Hello! I am working in version 3.9.3 and wishing for improved functionality with the "Columnizing by Key/Value Columns" option. I have a large and complex dataset, so I will simplify it for illustrative purposes. I am working with data that looks like this:
ID
NAME
Name Source
Place Fields
Place Values
1
Haymarket Theatre (theater in London, England, built in 1720)
local
place_id
1264
Haymarket Theatre (London, England)
LCNAF
place_name
London
place_type
Inhabited place
place_tgn
7011781
I want the result to look like this:
ID
NAME
Name Source
place_id
place_name
place_type
place_tgn
1
Haymarket Theatre (theater in London, England, built in 1720)
local
1264
London
Inhabited place
7011781
Haymarket Theatre (London, England)
LCNAF
However, the actual result looks like this:
ID
NAME
Name Source
place_id
place_name
place_type
place_tgn
1
Haymarket Theatre (theater in London, England, built in 1720)
local
1264
Haymarket Theatre (London, England)
LCNAF
London
Inhabited place
7011781
From what I understand, this because in the original dataset, the values in the columns other than Place Fields and Place Values in the first two rows are distinct, whereas in the second two rows they are empty, and therefore identical. Is there a way around this? Thanks so much for the help!

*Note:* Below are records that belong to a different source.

(* Let $\ell(\bm{w},\bm{x},y)$ be differentiable in $\bm{w}\in\mathbb{R}^d$ with $\|\nabla_{\bm{w}}\ell(\bm{w},\bm{x},y)\|\le G(\bm{x},y)$ for all $\bm{w}\in\mathbb{R}^d$ and all samples, for some function $G(\bm{x},y)\ge0$. Let $\{(\bm{x}_i,y_i)\}_{i=1}^n$ be a dataset, $f_i(\bm{w})=\ell(\bm{w},\bm{x}_i,y_i)$, $f=\frac1n\sum_if_i$, let $\bm{w}^*\in\arg\min_{\bm{w}\in\mathbb{R}^d}f(\bm{w})$, fix $k>1$ and set $G_{\mathcal{Z}}=\left(\frac1n\sum_{i=1}^n G(\bm{x}_i,y_i)^k\right)^{1/k}$. Run unconstrained DP-SGD with constant step size $\eta$, clip norm $\tau$ and noise variance $\sigma_n^2=\frac{\nu T\log(1/\delta)\tau^2}{n^2\varepsilon^2}$. Then for any $0<t<T$, $$\mathbb{E}[\|\bm{w}_t-\bm{w}^*\|]\le\|\bm{w}_0-\bm{w}^*\|+\eta T\left(G_{\mathcal{Z}}+\tau\sqrt{\frac{\nu d\log(1/\delta)}{n^2\varepsilon^2}}\right).$$
   Context: For $\bm{z}\in\mathbb{R}^d$ and $c>0$, $\mathrm{clip}(\bm{z},c)=\bm{z}\min(1,c/\|\bm{z}\|)$ ($\|\cdot\|$ Euclidean). Unconstrained DP-SGD: given $\bm{w}_0\in\mathbb{R}^d$, $T$, step size $\eta$, a parameter $b\ge1$, clip norm $\tau$, noise variance $\sigma_n^2$: for $t=0,\dots,T-1$, form $\mathcal{S}_t\subseteq[n]$ by including each index independently with probability $b/n$; $\bm{g}_t=\frac1b\sum_{i\in\mathcal{S}_t}\mathrm{clip}(\nabla f_i(\bm{w}_t),\tau)+\bm{\zeta}_t$ with $\bm{\zeta}_t\sim\mathcal{N}(\bm{0},\sigma_n^2I_d)$ independent; $\bm{w}_{t+1}=\bm{w}_t-\eta\bm{g}_t$. $\varepsilon>0$, $\delta\in(0,1)$, $\nu>0$ a fixed absolute constant. Expectation is over the algorithm's randomness. *)

theory Defs
  imports "HOL-Analysis.Analysis" "HOL-Probability.Probability"
begin

text \<open>Clipping: clip z c = z * min(1, c / norm z)  (with c/0 = 0, so clip 0 c = 0).\<close>
definition clip :: "'a::real_normed_vector \<Rightarrow> real \<Rightarrow> 'a" where
  "clip z c = (min 1 (c / norm z)) *\<^sub>R z"

definition subsample_measure :: "nat \<Rightarrow> real \<Rightarrow> (nat \<Rightarrow> bool) measure" where
  "subsample_measure n b = measure_pmf (Pi_pmf {..<n} False (\<lambda>_. bernoulli_pmf (b / real n)))"

text \<open>Isotropic Gaussian N(0, sigma^2 I_d) on a Euclidean space (sigma = standard deviation):
  independent N(0, sigma^2) coordinates w.r.t. the orthonormal basis.\<close>
definition gauss_vec :: "real \<Rightarrow> 'a::euclidean_space measure" where
  "gauss_vec \<sigma> = distr (PiM Basis (\<lambda>_. density lborel (normal_density 0 \<sigma>))) borel
      (\<lambda>z. \<Sum>b\<in>Basis. z b *\<^sub>R b)"

definition dpsgd_space :: "nat \<Rightarrow> real \<Rightarrow> real \<Rightarrow> (nat \<Rightarrow> (nat \<Rightarrow> bool) \<times> 'a::euclidean_space) measure" where
  "dpsgd_space n b \<sigma> = PiM UNIV (\<lambda>_::nat. subsample_measure n b \<Otimes>\<^sub>M gauss_vec \<sigma>)"

text \<open>DP-SGD iterates; gr w i is the gradient of f_i at w.\<close>
fun dpsgd_iter :: "('a::euclidean_space \<Rightarrow> nat \<Rightarrow> 'a) \<Rightarrow> nat \<Rightarrow> real \<Rightarrow> real \<Rightarrow> real \<Rightarrow> 'a
      \<Rightarrow> (nat \<Rightarrow> (nat \<Rightarrow> bool) \<times> 'a) \<Rightarrow> nat \<Rightarrow> 'a" where
  "dpsgd_iter gr n b \<eta> \<tau> w0 \<omega> 0 = w0"
| "dpsgd_iter gr n b \<eta> \<tau> w0 \<omega> (Suc t) =
     (let w = dpsgd_iter gr n b \<eta> \<tau> w0 \<omega> t;
          S = fst (\<omega> t); \<zeta> = snd (\<omega> t);
          g = (1 / b) *\<^sub>R (\<Sum>i\<in>{i. i < n \<and> S i}. clip (gr w i) \<tau>) + \<zeta>
      in w - \<eta> *\<^sub>R g)"

end

theory Submission
  imports Defs
begin

text \<open>
  Unrolling the recursion, \<open>w\<^sub>t - w\<^sup>*\<close> is \<open>w\<^sub>0 - w\<^sup>*\<close> minus \<open>\<eta>\<close> times the accumulated
  clipped minibatch gradients minus \<open>\<eta>\<close> times the accumulated noise. Clipping does not increase
  norms and every index is sampled with probability at most \<open>b/n\<close>, so the expected norm of the
  gradient part is at most \<open>\<eta> t\<close> times the mean of the \<open>G(x\<^sub>i, y\<^sub>i)\<close>, which is bounded by their
  \<open>k\<close>-th power mean \<open>G\<^sub>Z\<close>. The accumulated noise is centred with second moment \<open>t d \<sigma>\<^sup>2\<close>, so
  its expected norm is at most \<open>\<sigma> sqrt (t d)\<close>, which the choice of \<open>\<sigma>\<close> turns into the second term.
\<close>

section \<open>Power means and moments\<close>

lemma convex_on_powr_nonneg:
  assumes "k \<ge> 1"
  shows "convex_on {0..} (\<lambda>x::real. x powr k)"
proof (rule convex_on_linorderI)
  fix t x y :: real
  assume t: "0 < t" "t < 1" and x: "x \<in> {0..}" and y: "y \<in> {0..}" and "x < y"
  show "((1 - t) *\<^sub>R x + t *\<^sub>R y) powr k \<le> (1 - t) * x powr k + t * y powr k"
  proof (cases "x = 0")
    case True
    have "(t * y) powr k = t powr k * y powr k" by (rule powr_mult)
    also have "\<dots> \<le> t * y powr k"
      using t assms by (intro mult_right_mono powr_le_one_le) auto
    finally show ?thesis using True assms by simp
  next
    case False
    then show ?thesis using powr_convex[OF assms] t x y \<open>x < y\<close>
      by (auto simp: convex_on_def)
  qed
qed simp

lemma mean_le_power_mean:
  fixes g :: "'i \<Rightarrow> real"
  assumes "finite I" "I \<noteq> {}" "k \<ge> 1" "\<And>i. i \<in> I \<Longrightarrow> g i \<ge> 0"
  shows "(\<Sum>i\<in>I. g i) / card I \<le> ((\<Sum>i\<in>I. g i powr k) / card I) powr (1 / k)"
proof -
  have "(\<Sum>i\<in>I. (1 / card I) *\<^sub>R g i) powr k \<le> (\<Sum>i\<in>I. (1 / card I) * g i powr k)"
    using assms by (intro convex_on_sum[OF _ _ convex_on_powr_nonneg]) auto
  then have Jensen: "((\<Sum>i\<in>I. g i) / card I) powr k \<le> (\<Sum>i\<in>I. g i powr k) / card I"
    by (simp add: sum_distrib_left sum_divide_distrib[symmetric] divide_inverse_commute)
  have "(\<Sum>i\<in>I. g i) / card I = (((\<Sum>i\<in>I. g i) / card I) powr k) powr (1 / k)"
    using assms by (simp add: powr_powr sum_nonneg)
  also have "\<dots> \<le> ((\<Sum>i\<in>I. g i powr k) / card I) powr (1 / k)"
    using Jensen assms by (intro powr_mono2) auto
  finally show ?thesis .
qed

thank you for the explicit example, which really helps to quickly identify the problem.
What you describe is a common problem when using "Columnizing by Key/Value Columns".
Maybe we should make this more explicit in the docs Transposing | OpenRefine.
The "problem" here is, that OpenRefine is using the NAME column as ids for the transposing.
As some cells in the NAME columns are empty, they are organized with "empty" as key.
Meaning they are in a separate row and not together with their original record.
The solution for this is to use Fill down on the columns with empty cells that are not columnized (NAME and Name Source in your example).
Thanks so much for the response. This helps reduce the number of extra rows, but unfortunately, still does not resolve the core of the problem. The example data which I provided was one Record out of 856 in the project. Each of these Records corresponds to a different Venue, each of which can have any number of alternative names, As such, the two alternative names in the Record I provided, "Haymarket Theatre (theater in London, England, built in 1720)" and "Haymarket Theatre (London, England)" both apply to the same Venue, as does all of the information in the Place Fields and Place Values columns. When I fill down, it eliminates one extraneous row from each record, but the columnized data is still split amongst the two rows of the Record, as the values in the first two rows differ in the other columns of the record.. I imagine that the only way to fix this would be to somehow disregard the columns in the project that don't contains Fields or Values while columnizing, which I assume is not possible, so this might be a fruitless effort, but I thought I would ask if there was a more clever workaround than I have been able to think of, or perhaps if this is something that might change in a future release of OpenRefine. Thanks again for all of your help!
I think you can do the transpose step as currently and then on each of the columns created by the transpose use Edit cells -> Join multi-valued cells - this will bring the value in the column into the first cell of the record (the record being defined by the ID column)
This option becomes cumbersome if you have many new columns created by the transpose, as you have to do the "join" step for each column. But if it is a handful or so then this won't take long.
If this doesn't work, I have a potential alternative approach I'm working on, but its looking a bit complicated, so in the first place I'd suggest the "join multi-valued cells" approach. However if that doesn't work let me know what the issues are and I can see if my other more complicated approach might be applied
Hi!
This worked for me, thanks so much! I had been hesitant to use this approach because I had several Records in the project that had multiple Places associated with the Venue, meaning that the desired result would have more than one row of values in the key columns. However, it occurred to me that after joining multi-valued cells, I could easily split them again, and that worked great. It would still be nice to have a way to disable the use of other columns as keys when trying to columnizing in this way, but this works perfectly well for now. Thanks again for all of your help!